START DATA SHOWN

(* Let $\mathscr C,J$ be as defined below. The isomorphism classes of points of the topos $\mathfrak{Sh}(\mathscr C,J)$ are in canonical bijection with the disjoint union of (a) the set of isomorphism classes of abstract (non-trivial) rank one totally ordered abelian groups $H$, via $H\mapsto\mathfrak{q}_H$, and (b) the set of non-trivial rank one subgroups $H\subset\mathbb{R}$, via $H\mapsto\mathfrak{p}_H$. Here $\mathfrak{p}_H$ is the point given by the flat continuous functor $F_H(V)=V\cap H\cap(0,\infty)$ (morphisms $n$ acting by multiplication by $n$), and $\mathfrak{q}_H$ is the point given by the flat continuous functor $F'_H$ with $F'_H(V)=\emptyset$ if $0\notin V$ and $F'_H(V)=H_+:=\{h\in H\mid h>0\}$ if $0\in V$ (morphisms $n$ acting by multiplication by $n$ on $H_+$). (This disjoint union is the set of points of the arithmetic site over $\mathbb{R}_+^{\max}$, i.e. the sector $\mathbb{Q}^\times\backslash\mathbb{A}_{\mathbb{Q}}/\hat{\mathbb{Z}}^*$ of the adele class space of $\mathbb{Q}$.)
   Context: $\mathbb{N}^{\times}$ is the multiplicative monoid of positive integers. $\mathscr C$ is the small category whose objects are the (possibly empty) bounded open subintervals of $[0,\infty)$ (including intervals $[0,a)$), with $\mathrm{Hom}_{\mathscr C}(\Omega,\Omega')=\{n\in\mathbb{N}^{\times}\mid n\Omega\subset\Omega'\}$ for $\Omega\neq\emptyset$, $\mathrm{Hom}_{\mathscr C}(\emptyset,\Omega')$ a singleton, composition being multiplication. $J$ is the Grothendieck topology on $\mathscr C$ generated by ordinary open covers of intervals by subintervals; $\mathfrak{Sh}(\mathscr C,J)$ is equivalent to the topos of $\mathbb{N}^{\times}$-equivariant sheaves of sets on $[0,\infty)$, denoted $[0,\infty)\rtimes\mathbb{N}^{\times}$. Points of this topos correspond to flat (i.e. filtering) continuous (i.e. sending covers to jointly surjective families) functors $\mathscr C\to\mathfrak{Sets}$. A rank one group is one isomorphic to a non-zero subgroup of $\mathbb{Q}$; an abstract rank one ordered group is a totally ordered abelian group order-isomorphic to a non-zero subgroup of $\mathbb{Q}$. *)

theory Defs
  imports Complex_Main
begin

END DATA SHOWN

**WHAT TO DO**: Line by line, transcribe all of the records exactly.

**EXPECTED ANSWER**:
(* Let $\mathscr C,J$ be as defined below. The isomorphism classes of points of the topos $\mathfrak{Sh}(\mathscr C,J)$ are in canonical bijection with the disjoint union of (a) the set of isomorphism classes of abstract (non-trivial) rank one totally ordered abelian groups $H$, via $H\mapsto\mathfrak{q}_H$, and (b) the set of non-trivial rank one subgroups $H\subset\mathbb{R}$, via $H\mapsto\mathfrak{p}_H$. Here $\mathfrak{p}_H$ is the point given by the flat continuous functor $F_H(V)=V\cap H\cap(0,\infty)$ (morphisms $n$ acting by multiplication by $n$), and $\mathfrak{q}_H$ is the point given by the flat continuous functor $F'_H$ with $F'_H(V)=\emptyset$ if $0\notin V$ and $F'_H(V)=H_+:=\{h\in H\mid h>0\}$ if $0\in V$ (morphisms $n$ acting by multiplication by $n$ on $H_+$). (This disjoint union is the set of points of the arithmetic site over $\mathbb{R}_+^{\max}$, i.e. the sector $\mathbb{Q}^\times\backslash\mathbb{A}_{\mathbb{Q}}/\hat{\mathbb{Z}}^*$ of the adele class space of $\mathbb{Q}$.)
   Context: $\mathbb{N}^{\times}$ is the multiplicative monoid of positive integers. $\mathscr C$ is the small category whose objects are the (possibly empty) bounded open subintervals of $[0,\infty)$ (including intervals $[0,a)$), with $\mathrm{Hom}_{\mathscr C}(\Omega,\Omega')=\{n\in\mathbb{N}^{\times}\mid n\Omega\subset\Omega'\}$ for $\Omega\neq\emptyset$, $\mathrm{Hom}_{\mathscr C}(\emptyset,\Omega')$ a singleton, composition being multiplication. $J$ is the Grothendieck topology on $\mathscr C$ generated by ordinary open covers of intervals by subintervals; $\mathfrak{Sh}(\mathscr C,J)$ is equivalent to the topos of $\mathbb{N}^{\times}$-equivariant sheaves of sets on $[0,\infty)$, denoted $[0,\infty)\rtimes\mathbb{N}^{\times}$. Points of this topos correspond to flat (i.e. filtering) continuous (i.e. sending covers to jointly surjective families) functors $\mathscr C\to\mathfrak{Sets}$. A rank one group is one isomorphic to a non-zero subgroup of $\mathbb{Q}$; an abstract rank one ordered group is a totally ordered abelian group order-isomorphic to a non-zero subgroup of $\mathbb{Q}$. *)

theory Defs
  imports Complex_Main
begin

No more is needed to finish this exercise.